Collected data
* * * *

lemma of_int_divide_less_iff:
  assumes "b > 0" "d > 0"
  shows "(of_int a / of_int b :: 'a::linordered_field) < of_int c / of_int d \<longleftrightarrow> a * d < c * b"
proof -
  have "(of_int a / of_int b :: 'a) < of_int c / of_int d \<longleftrightarrow> of_int a * of_int d < (of_int c * of_int b :: 'a)"
    using assms by (simp add: field_simps)
  also have "\<dots> \<longleftrightarrow> a * d < c * b" by (simp flip: of_int_mult)
  finally show ?thesis .
qed

lemma denom_ge_between_unimodular:
  fixes a b x y r s :: int
  assumes det: "x * b - a * y = 1" and "b > 0" "y > 0"
    and between: "a * s < r * b" "r * y < x * s"
  shows "b + y \<le> s"
proof -
  have "s = s * (x * b - a * y)" using det by simp
  also have "\<dots> = y * (r * b - a * s) + b * (x * s - r * y)" by (simp add: algebra_simps)
  finally have "s = y * (r * b - a * s) + b * (x * s - r * y)" .
  moreover have "y \<le> y * (r * b - a * s)" "b \<le> b * (x * s - r * y)"
    using assms by simp_all
  ultimately show ?thesis by linarith
qed

lemma unimodular_partner:
  fixes a b Q :: int
  assumes "coprime a b" "0 \<le> a" "a < b" "b \<le> Q"
  obtains x y where "x * b - a * y = 1" "Q - b < y" "y \<le> Q" "0 < x" "x \<le> y"
proof -
  have b: "b > 0" using assms by simp
  obtain s t where "s * a + t * b = 1"
    using bezout_int[of a b] assms(1) by auto
  define m where "m = (Q + s) div b"
  define y where "y = m * b - s"
  define x where "x = t + m * a"
  have det: "x * b - a * y = 1"
    unfolding x_def y_def using \<open>s * a + t * b = 1\<close> by (simp add: algebra_simps)
  have "y = Q - (Q + s) mod b"
    unfolding y_def m_def using div_mult_mod_eq[of "Q + s" b] by linarith
  then have y: "Q - b < y" "y \<le> Q"
    using pos_mod_sign[OF b] pos_mod_bound[OF b] by auto
  have "0 \<le> a * y" using assms y by simp
  then have "0 < x * b" using det by linarith
  then have "0 < x" using b by (rule zero_less_mult_pos2)
  moreover have "x * b \<le> y * b"
  proof -
    have "a * y \<le> (b - 1) * y" using assms y by (intro mult_right_mono) auto
    then show ?thesis using det y assms by (simp add: algebra_simps)
  qed
  then have "x \<le> y" using b by (rule mult_right_le_imp_le)
  ultimately show thesis using that det y by blast
qed

lemma sorted_list_of_set_nth_0:
  assumes "finite A" "A \<noteq> {}"
  shows "sorted_list_of_set A ! 0 = Min A"
  using assms by (simp add: sorted_list_of_set_nonempty)

lemma sorted_list_of_set_nth_last:
  assumes "finite A" "A \<noteq> {}"
  shows "sorted_list_of_set A ! (card A - 1) = Max A"
proof -
  let ?L = "sorted_list_of_set A"
  have len: "length ?L = card A" "card A > 0"
    using assms by (auto simp: card_gt_0_iff)
  show ?thesis
  proof (rule Max_eqI[symmetric])
    show "?L ! (card A - 1) \<in> A" using assms len by (metis diff_less nth_mem set_sorted_list_of_set zero_less_one)
    fix w assume "w \<in> A"
    then obtain j where "j < length ?L" "w = ?L ! j"
      using assms by (metis in_set_conv_nth set_sorted_list_of_set)
    then show "w \<le> ?L ! (card A - 1)"
      using len by (simp add: sorted_nth_mono)
  qed (use assms in simp)
qed

lemma sorted_list_of_set_nth_Suc_adjacent:
  assumes "finite A" "Suc m < card A"
  defines "L \<equiv> sorted_list_of_set A"
  shows "L ! m < L ! Suc m" and "\<forall>w\<in>A. \<not> (L ! m < w \<and> w < L ! Suc m)"
proof -
  have L: "sorted_wrt (<) L" "length L = card A" "set L = A"
    using assms by (simp_all add: L_def)
  then show "L ! m < L ! Suc m" using assms(2) by (simp add: sorted_wrt_nth_less)
  show "\<forall>w\<in>A. \<not> (L ! m < w \<and> w < L ! Suc m)"
  proof (intro ballI notI)
    fix w assume "w \<in> A" "L ! m < w \<and> w < L ! Suc m"
    moreover obtain j where j: "j < length L" "w = L ! j"
      using \<open>w \<in> A\<close> L(3) by (metis in_set_conv_nth)
    moreover have "L ! j \<le> L ! m \<or> L ! Suc m \<le> L ! j"
      using strict_sorted_imp_sorted[OF L(1)] j(1) assms(2) L(2)
      by (cases "j \<le> m") (auto simp: sorted_nth_mono)
    ultimately show False by auto
  qed
qed

definition frac_det :: "rat \<Rightarrow> rat \<Rightarrow> int" where
  "frac_det u v = fst (quotient_of v) * snd (quotient_of u) - fst (quotient_of u) * snd (quotient_of v)"

lemma frac_det_plucker:
  "frac_det u0 u2 * frac_det u1 u3 - frac_det u0 u3 * frac_det u1 u2
     = frac_det u0 u1 * frac_det u2 u3"
  unfolding frac_det_def by (simp add: algebra_simps)

lemma frac_det_add_of_int: "frac_det (u + of_int c) (v + of_int c) = frac_det u v"
  unfolding frac_det_def quotient_of_add_of_int by (simp add: algebra_simps)

lemma farey_iff: "r \<in> farey Q \<longleftrightarrow> 0 < r \<and> r \<le> 1 \<and> snd (quotient_of r) \<le> int Q"
proof
  assume "r \<in> farey Q"
  then obtain a q :: int where
    h: "1 \<le> q" "q \<le> int Q" "0 < a" "a \<le> q" "coprime a q" "r = of_int a / of_int q"
    unfolding farey_def by blast
  then have "quotient_of r = (a, q)" by (simp add: quotient_of_of_int_divide)
  with h show "0 < r \<and> r \<le> 1 \<and> snd (quotient_of r) \<le> int Q" by simp
next
  assume h: "0 < r \<and> r \<le> 1 \<and> snd (quotient_of r) \<le> int Q"
  obtain a b where ab: "quotient_of r = (a, b)" by (cases "quotient_of r")
  have b: "b > 0" and r: "r = of_int a / of_int b"
    using quotient_of_denom_pos[OF ab] quotient_of_div[OF ab] .
  have "0 < a" "a \<le> b" using h b by (simp_all add: r zero_less_divide_iff)
  then show "r \<in> farey Q" unfolding farey_def using b h ab r quotient_of_coprime[OF ab]
    by (intro CollectI exI[of _ a] exI[of _ b]) auto
qed

lemma finite_farey: "finite (farey Q)"
proof (rule finite_subset)
  show "farey Q \<subseteq> (\<lambda>(a, q). of_int a / of_int q) ` ({0..int Q} \<times> {0..int Q})"
    unfolding farey_def by (auto simp: image_iff)
qed auto

lemma farey_right_neighbour:
  assumes "u \<in> farey Q" "u < 1" and ab: "quotient_of u = (a, b)"
  obtains x y where "of_int x / of_int y \<in> farey Q" "u < of_int x / of_int y"
    "quotient_of (of_int x / of_int y) = (x, y)" "x * b - a * y = 1" "int Q < b + y"
proof -
  have b: "b > 0" and u: "u = of_int a / of_int b"
    using quotient_of_denom_pos[OF ab] quotient_of_div[OF ab] .
  have "0 < a" "a < b" "b \<le> int Q"
    using assms b by (auto simp: farey_iff u zero_less_divide_iff)
  then obtain x y where xy: "x * b - a * y = 1" "int Q - b < y" "y \<le> int Q" "0 < x" "x \<le> y"
    using unimodular_partner[OF quotient_of_coprime[OF ab] less_imp_le] by blast
  have "coprime x y"
  proof (rule coprimeI)
    fix d assume "d dvd x" "d dvd y"
    then have "d dvd x * b - a * y" by simp
    then show "is_unit d" using xy(1) by simp
  qed
  then have q: "quotient_of (of_int x / of_int y) = (x, y)"
    using xy by (simp add: quotient_of_of_int_divide)
  have "u < of_int x / of_int y"
    unfolding u using xy b by (simp add: of_int_divide_less_iff)
  moreover have "of_int x / of_int y \<in> farey Q"
    using q xy by (simp add: farey_iff)
  ultimately show thesis using that q xy by simp
qed

lemma farey_adjacent_frac_det:
  assumes "u \<in> farey Q" "v \<in> farey Q" "u < v"
    and adjacent: "\<forall>w\<in>farey Q. \<not> (u < w \<and> w < v)"
  shows "frac_det u v = 1"
proof -
  obtain a b where ab: "quotient_of u = (a, b)" by (cases "quotient_of u")
  obtain r s where rs: "quotient_of v = (r, s)" by (cases "quotient_of v")
  have "u < 1" using assms by (auto simp: farey_iff)
  then obtain x y where xy: "of_int x / of_int y \<in> farey Q" "u < of_int x / of_int y"
    "quotient_of (of_int x / of_int y) = (x, y)" "x * b - a * y = 1" "int Q < b + y"
    using farey_right_neighbour[OF assms(1) _ ab] by blast
  have b: "b > 0" and s: "s > 0" and y: "y > 0"
    using quotient_of_denom_pos ab rs xy(3) by blast+
  have "\<not> v < of_int x / of_int y"
  proof
    assume "v < of_int x / of_int y"
    then have "a * s < r * b" "r * y < x * s"
      using \<open>u < v\<close> b s y
      by (simp_all add: quotient_of_div[OF ab] quotient_of_div[OF rs] of_int_divide_less_iff)
    then have "b + y \<le> s" using denom_ge_between_unimodular xy(4) b y by blast
    moreover have "s \<le> int Q" using assms(2) rs by (simp add: farey_iff)
    ultimately show False using xy(5) by simp
  qed
  moreover have "\<not> of_int x / of_int y < v" using adjacent xy(1,2) by blast
  ultimately have "quotient_of v = (x, y)" using xy(3) by fastforce
  then show ?thesis using ab xy(4) by (simp add: frac_det_def mult.commute)
qed

lemma farey_nonempty: "Q \<ge> 1 \<Longrightarrow> farey Q \<noteq> {}"
  using farey_iff[of 1 Q] by auto

lemma Min_farey: "Q \<ge> 1 \<Longrightarrow> Min (farey Q) = 1 / of_nat Q"
proof (rule Min_eqI[OF finite_farey])
  assume Q: "Q \<ge> 1"
  then show "1 / of_nat Q \<in> farey Q" by (simp add: farey_iff quotient_of_one_divide_of_nat)
  fix w assume "w \<in> farey Q"
  then obtain r s where rs: "quotient_of w = (r, s)" "0 < w" "s \<le> int Q"
    by (metis farey_iff prod.collapse snd_conv)
  have s: "0 < s" and w: "w = of_int r / of_int s"
    using quotient_of_denom_pos[OF rs(1)] quotient_of_div[OF rs(1)] .
  have "0 < r" using rs(2) s w by (simp add: zero_less_divide_iff)
  have "1 * int Q \<le> r * int Q" using \<open>0 < r\<close> by (intro mult_right_mono) auto
  then have "s \<le> r * int Q" using rs(3) by simp
  then have "\<not> of_int r / of_int s < (of_int 1 / of_int (int Q) :: rat)"
    using s Q of_int_divide_less_iff[where 'a = rat, of s "int Q" r 1] by simp
  then show "1 / of_nat Q \<le> w" using w by simp
qed

lemma Max_farey: "Q \<ge> 1 \<Longrightarrow> Max (farey Q) = 1"
  by (rule Max_eqI[OF finite_farey]) (auto simp: farey_iff)

lemma farey_gamma_block:
  assumes "0 \<le> m" "m < int (farey_N Q)"
  shows "farey_gamma Q (c * int (farey_N Q) + m + 1) = sorted_list_of_set (farey Q) ! nat m + of_int c"
proof -
  have "(c * int (farey_N Q) + m + 1 - 1) mod int (farey_N Q) = m"
       "(c * int (farey_N Q) + m + 1 - 1) div int (farey_N Q) = c"
    using assms by (simp_all add: add.commute[of "c * _"])
  then show ?thesis by (simp add: farey_gamma_def)
qed

lemma farey_nu_eq_frac_det:
  "farey_nu Q k i = frac_det (farey_gamma Q (i - 1)) (farey_gamma Q (i + int k - 1))"
  unfolding farey_nu_def frac_det_def farey_p_def farey_q_def ..

lemma farey_gamma_frac_det_Suc:
  assumes Q: "Q \<ge> 1"
  shows "frac_det (farey_gamma Q j) (farey_gamma Q (j + 1)) = 1"
proof -
  let ?F = "farey Q" and ?N = "int (farey_N Q)"
  let ?L = "sorted_list_of_set ?F"
  have N: "farey_N Q = card ?F" "card ?F > 0"
    using finite_farey farey_nonempty[OF Q] by (auto simp: farey_N_def card_gt_0_iff)
  define m where "m = (j - 1) mod ?N"
  define c where "c = (j - 1) div ?N"
  have m: "0 \<le> m" "m < ?N" using N by (simp_all add: m_def)
  have j: "j = c * ?N + m + 1" unfolding m_def c_def by simp
  show ?thesis
  proof (cases "m + 1 < ?N")
    case True
    have "nat (m + 1) = Suc (nat m)" using m by simp
    then have "farey_gamma Q (j + 1) = ?L ! Suc (nat m) + of_int c"
      using farey_gamma_block[of "m + 1" Q c] True m by (simp add: j add.assoc)
    moreover have "farey_gamma Q j = ?L ! nat m + of_int c"
      using farey_gamma_block[of m Q c] m by (simp add: j)
    moreover have "frac_det (?L ! nat m) (?L ! Suc (nat m)) = 1"
    proof (rule farey_adjacent_frac_det)
      have "Suc (nat m) < length ?L" using True m N finite_farey by simp
      then show "?L ! nat m \<in> ?F" "?L ! Suc (nat m) \<in> ?F"
        using finite_farey by (metis Suc_lessD nth_mem set_sorted_list_of_set)+
      show "?L ! nat m < ?L ! Suc (nat m)" "\<forall>w\<in>?F. \<not> (?L ! nat m < w \<and> w < ?L ! Suc (nat m))"
        using sorted_list_of_set_nth_Suc_adjacent[OF finite_farey, of "nat m" Q] True m N by simp_all
    qed
    ultimately show ?thesis by (simp add: frac_det_add_of_int)
  next
    case False
    then have m_last: "nat m = card ?F - 1" using m N by linarith
    have "farey_gamma Q j = 1 + of_int c"
      using farey_gamma_block[of m Q c] m m_last sorted_list_of_set_nth_last[OF finite_farey farey_nonempty[OF Q]]
      by (simp add: j Max_farey[OF Q])
    moreover have "j + 1 = (c + 1) * ?N + 0 + 1" using False m by (simp add: j algebra_simps)
    then have "farey_gamma Q (j + 1) = (1 / of_nat Q + of_int 1) + of_int c"
      using farey_gamma_block[of 0 Q "c + 1"] N
        sorted_list_of_set_nth_0[OF finite_farey farey_nonempty[OF Q]]
      by (simp add: Min_farey[OF Q] algebra_simps)
    moreover have "frac_det 1 (1 / of_nat Q + of_int 1) = 1"
      using Q quotient_of_add_of_int[of "1 / of_nat Q" 1]
      by (simp add: frac_det_def quotient_of_one_divide_of_nat)
    ultimately show ?thesis by (metis frac_det_add_of_int)
  qed
qed

theorem lemma1:
  fixes Q k :: nat and i :: int
  assumes "Q \<ge> 2" and "k \<ge> 3"
  shows "farey_nu Q (k - 1) i * farey_nu Q (k - 1) (i + 1)
           - farey_nu Q k i * farey_nu Q (k - 2) (i + 1) = 1"
proof -
  let ?\<gamma> = "farey_gamma Q"
  have "int (k - 1) = int k - 1" "int (k - 2) = int k - 2" using assms(2) by auto
  then have "farey_nu Q (k - 1) i * farey_nu Q (k - 1) (i + 1)
               - farey_nu Q k i * farey_nu Q (k - 2) (i + 1)
           = frac_det (?\<gamma> (i - 1)) (?\<gamma> (i + int k - 2)) * frac_det (?\<gamma> i) (?\<gamma> (i + int k - 1))
               - frac_det (?\<gamma> (i - 1)) (?\<gamma> (i + int k - 1)) * frac_det (?\<gamma> i) (?\<gamma> (i + int k - 2))"
    by (simp add: farey_nu_eq_frac_det algebra_simps)
  also have "\<dots> = frac_det (?\<gamma> (i - 1)) (?\<gamma> i) * frac_det (?\<gamma> (i + int k - 2)) (?\<gamma> (i + int k - 1))"
    by (rule frac_det_plucker)
  also have "\<dots> = 1"
    using farey_gamma_frac_det_Suc[of Q "i - 1"] farey_gamma_frac_det_Suc[of Q "i + int k - 2"] assms(1)
    by (simp add: algebra_simps)
  finally show ?thesis .
qed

* * * *

- Assigned task:
The count alone is wanted: how many lines above hold the string "fixes"?

- Solution to this exercise:
3